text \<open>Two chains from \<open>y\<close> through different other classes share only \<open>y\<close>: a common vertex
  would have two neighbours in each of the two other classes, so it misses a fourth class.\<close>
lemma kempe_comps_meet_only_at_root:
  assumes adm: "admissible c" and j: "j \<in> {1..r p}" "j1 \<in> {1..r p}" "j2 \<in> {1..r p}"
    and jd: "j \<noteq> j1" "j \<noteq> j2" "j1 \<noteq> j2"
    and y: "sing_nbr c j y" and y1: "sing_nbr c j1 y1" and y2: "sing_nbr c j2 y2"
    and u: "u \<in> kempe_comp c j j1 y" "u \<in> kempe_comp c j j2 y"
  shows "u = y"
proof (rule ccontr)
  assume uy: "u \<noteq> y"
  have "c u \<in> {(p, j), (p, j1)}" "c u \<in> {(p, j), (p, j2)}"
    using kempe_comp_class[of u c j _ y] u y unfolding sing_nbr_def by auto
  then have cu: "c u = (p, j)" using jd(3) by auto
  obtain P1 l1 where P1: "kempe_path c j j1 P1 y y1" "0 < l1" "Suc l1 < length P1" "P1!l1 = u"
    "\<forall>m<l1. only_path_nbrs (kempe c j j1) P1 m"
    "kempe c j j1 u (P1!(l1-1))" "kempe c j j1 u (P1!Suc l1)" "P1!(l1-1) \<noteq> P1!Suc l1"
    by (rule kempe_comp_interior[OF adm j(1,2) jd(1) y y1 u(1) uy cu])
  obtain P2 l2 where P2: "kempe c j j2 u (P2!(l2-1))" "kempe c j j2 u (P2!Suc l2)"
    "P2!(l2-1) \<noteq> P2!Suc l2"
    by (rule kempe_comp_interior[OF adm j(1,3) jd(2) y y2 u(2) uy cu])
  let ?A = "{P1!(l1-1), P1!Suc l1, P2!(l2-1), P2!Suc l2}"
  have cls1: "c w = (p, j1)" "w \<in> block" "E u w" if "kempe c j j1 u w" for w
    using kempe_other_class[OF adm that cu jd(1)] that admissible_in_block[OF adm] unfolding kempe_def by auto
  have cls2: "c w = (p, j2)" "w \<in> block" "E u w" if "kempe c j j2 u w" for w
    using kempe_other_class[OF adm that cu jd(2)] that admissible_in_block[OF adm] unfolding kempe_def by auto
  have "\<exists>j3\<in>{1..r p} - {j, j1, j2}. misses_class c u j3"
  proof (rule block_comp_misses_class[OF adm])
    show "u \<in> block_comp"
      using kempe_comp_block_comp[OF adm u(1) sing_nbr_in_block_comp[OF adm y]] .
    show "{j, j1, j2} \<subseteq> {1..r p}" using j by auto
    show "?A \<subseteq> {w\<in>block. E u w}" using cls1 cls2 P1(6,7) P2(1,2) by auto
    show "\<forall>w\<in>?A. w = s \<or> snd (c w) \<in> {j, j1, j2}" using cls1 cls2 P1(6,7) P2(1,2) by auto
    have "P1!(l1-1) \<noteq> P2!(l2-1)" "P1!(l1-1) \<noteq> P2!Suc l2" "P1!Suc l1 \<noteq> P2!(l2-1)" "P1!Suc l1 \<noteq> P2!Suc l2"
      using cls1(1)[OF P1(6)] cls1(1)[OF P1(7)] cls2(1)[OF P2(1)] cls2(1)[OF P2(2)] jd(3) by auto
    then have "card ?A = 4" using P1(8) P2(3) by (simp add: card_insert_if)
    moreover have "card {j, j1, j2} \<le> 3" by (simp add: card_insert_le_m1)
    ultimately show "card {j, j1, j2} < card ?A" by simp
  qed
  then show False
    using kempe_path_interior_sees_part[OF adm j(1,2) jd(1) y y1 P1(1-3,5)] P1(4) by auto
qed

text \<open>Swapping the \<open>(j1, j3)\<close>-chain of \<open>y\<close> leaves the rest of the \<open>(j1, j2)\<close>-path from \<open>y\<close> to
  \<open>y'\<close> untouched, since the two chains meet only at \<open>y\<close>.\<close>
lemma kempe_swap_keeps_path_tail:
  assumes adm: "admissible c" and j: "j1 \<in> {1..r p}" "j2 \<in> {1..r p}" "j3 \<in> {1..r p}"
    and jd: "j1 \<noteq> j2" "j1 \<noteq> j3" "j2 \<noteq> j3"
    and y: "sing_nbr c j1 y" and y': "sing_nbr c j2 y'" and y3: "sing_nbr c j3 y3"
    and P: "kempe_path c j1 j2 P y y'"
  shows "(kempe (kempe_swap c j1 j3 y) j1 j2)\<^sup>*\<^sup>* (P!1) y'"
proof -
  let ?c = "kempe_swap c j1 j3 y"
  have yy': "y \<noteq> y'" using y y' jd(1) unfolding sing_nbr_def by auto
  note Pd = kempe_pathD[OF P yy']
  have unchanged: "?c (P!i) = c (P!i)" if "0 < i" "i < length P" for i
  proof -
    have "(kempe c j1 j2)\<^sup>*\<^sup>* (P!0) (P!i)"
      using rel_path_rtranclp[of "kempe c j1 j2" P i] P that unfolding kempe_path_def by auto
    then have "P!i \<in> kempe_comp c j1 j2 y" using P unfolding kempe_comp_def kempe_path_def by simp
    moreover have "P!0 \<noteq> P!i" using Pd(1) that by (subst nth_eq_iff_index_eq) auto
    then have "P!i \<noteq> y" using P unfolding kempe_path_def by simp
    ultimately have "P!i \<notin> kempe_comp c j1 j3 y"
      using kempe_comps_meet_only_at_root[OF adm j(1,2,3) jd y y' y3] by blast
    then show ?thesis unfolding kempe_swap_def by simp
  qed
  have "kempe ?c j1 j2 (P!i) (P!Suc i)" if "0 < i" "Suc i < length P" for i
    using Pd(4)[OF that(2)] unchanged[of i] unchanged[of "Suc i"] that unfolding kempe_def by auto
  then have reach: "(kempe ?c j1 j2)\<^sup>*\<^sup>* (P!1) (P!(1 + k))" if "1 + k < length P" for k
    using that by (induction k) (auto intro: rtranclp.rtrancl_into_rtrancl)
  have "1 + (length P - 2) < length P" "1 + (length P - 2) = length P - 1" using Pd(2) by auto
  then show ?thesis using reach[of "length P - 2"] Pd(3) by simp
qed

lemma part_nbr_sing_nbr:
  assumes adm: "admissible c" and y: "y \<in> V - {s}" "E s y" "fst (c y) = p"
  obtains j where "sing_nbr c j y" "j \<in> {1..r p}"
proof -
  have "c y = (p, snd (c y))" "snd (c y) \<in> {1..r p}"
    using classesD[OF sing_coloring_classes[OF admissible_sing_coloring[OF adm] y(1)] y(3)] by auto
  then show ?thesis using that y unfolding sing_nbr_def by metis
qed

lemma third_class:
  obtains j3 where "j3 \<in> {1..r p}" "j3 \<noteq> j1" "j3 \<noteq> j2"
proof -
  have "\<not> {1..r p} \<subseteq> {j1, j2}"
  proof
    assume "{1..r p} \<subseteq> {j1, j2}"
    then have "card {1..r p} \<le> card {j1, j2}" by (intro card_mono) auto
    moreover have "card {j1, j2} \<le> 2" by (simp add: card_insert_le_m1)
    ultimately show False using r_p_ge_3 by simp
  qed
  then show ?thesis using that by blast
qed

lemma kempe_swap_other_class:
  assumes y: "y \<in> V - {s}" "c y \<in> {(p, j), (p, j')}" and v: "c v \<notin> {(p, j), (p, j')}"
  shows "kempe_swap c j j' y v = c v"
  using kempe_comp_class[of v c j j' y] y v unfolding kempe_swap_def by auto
········
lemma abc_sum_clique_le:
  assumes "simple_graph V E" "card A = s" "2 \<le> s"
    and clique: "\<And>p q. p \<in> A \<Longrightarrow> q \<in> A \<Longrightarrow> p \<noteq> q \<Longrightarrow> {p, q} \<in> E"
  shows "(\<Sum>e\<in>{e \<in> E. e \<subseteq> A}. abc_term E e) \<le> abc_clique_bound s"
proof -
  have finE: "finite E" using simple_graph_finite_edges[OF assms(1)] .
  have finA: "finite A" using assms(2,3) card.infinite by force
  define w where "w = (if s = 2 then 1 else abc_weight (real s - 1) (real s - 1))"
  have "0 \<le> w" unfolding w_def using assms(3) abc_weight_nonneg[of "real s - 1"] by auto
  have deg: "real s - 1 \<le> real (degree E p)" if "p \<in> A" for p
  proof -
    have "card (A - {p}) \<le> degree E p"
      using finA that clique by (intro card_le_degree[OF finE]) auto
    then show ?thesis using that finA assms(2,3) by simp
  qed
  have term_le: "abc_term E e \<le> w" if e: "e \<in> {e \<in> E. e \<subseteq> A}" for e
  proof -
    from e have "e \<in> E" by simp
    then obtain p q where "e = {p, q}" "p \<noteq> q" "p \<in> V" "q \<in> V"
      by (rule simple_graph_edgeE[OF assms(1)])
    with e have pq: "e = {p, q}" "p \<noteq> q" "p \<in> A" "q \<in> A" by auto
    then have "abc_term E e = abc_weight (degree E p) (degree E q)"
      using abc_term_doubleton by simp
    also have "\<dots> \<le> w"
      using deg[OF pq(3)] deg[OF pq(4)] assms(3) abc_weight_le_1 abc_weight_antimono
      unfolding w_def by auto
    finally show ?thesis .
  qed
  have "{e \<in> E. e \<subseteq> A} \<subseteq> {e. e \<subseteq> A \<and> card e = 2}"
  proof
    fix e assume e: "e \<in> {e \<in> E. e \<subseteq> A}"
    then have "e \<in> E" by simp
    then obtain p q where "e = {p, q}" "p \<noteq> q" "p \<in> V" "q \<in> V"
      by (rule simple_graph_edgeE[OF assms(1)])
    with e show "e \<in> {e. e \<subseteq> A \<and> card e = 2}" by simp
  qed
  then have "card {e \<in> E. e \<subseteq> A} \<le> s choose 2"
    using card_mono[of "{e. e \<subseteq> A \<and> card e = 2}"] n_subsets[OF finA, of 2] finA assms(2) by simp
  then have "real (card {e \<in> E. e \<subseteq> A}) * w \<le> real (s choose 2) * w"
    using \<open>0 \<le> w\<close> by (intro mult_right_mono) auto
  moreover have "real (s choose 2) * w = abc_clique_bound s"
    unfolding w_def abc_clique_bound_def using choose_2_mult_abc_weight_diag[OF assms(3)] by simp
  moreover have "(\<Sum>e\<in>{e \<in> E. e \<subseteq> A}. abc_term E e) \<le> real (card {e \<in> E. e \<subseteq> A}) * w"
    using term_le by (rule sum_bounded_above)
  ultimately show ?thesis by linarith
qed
········
#### [Aim of the exercise]
In the listing above, find the line with "(simp add: card_insert_if)" and the line with "j1 j2)\<^sup>*\<^sup>* (P!0)"; set down exactly those two lines and every line between them, nothing more.

#### [Solution]
    then have "card ?A = 4" using P1(8) P2(3) by (simp add: card_insert_if)
    moreover have "card {j, j1, j2} \<le> 3" by (simp add: card_insert_le_m1)
    ultimately show "card {j, j1, j2} < card ?A" by simp
  qed
  then show False
    using kempe_path_interior_sees_part[OF adm j(1,2) jd(1) y y1 P1(1-3,5)] P1(4) by auto
qed

text \<open>Swapping the \<open>(j1, j3)\<close>-chain of \<open>y\<close> leaves the rest of the \<open>(j1, j2)\<close>-path from \<open>y\<close> to
  \<open>y'\<close> untouched, since the two chains meet only at \<open>y\<close>.\<close>
lemma kempe_swap_keeps_path_tail:
  assumes adm: "admissible c" and j: "j1 \<in> {1..r p}" "j2 \<in> {1..r p}" "j3 \<in> {1..r p}"
    and jd: "j1 \<noteq> j2" "j1 \<noteq> j3" "j2 \<noteq> j3"
    and y: "sing_nbr c j1 y" and y': "sing_nbr c j2 y'" and y3: "sing_nbr c j3 y3"
    and P: "kempe_path c j1 j2 P y y'"
  shows "(kempe (kempe_swap c j1 j3 y) j1 j2)\<^sup>*\<^sup>* (P!1) y'"
proof -
  let ?c = "kempe_swap c j1 j3 y"
  have yy': "y \<noteq> y'" using y y' jd(1) unfolding sing_nbr_def by auto
  note Pd = kempe_pathD[OF P yy']
  have unchanged: "?c (P!i) = c (P!i)" if "0 < i" "i < length P" for i
  proof -
    have "(kempe c j1 j2)\<^sup>*\<^sup>* (P!0) (P!i)"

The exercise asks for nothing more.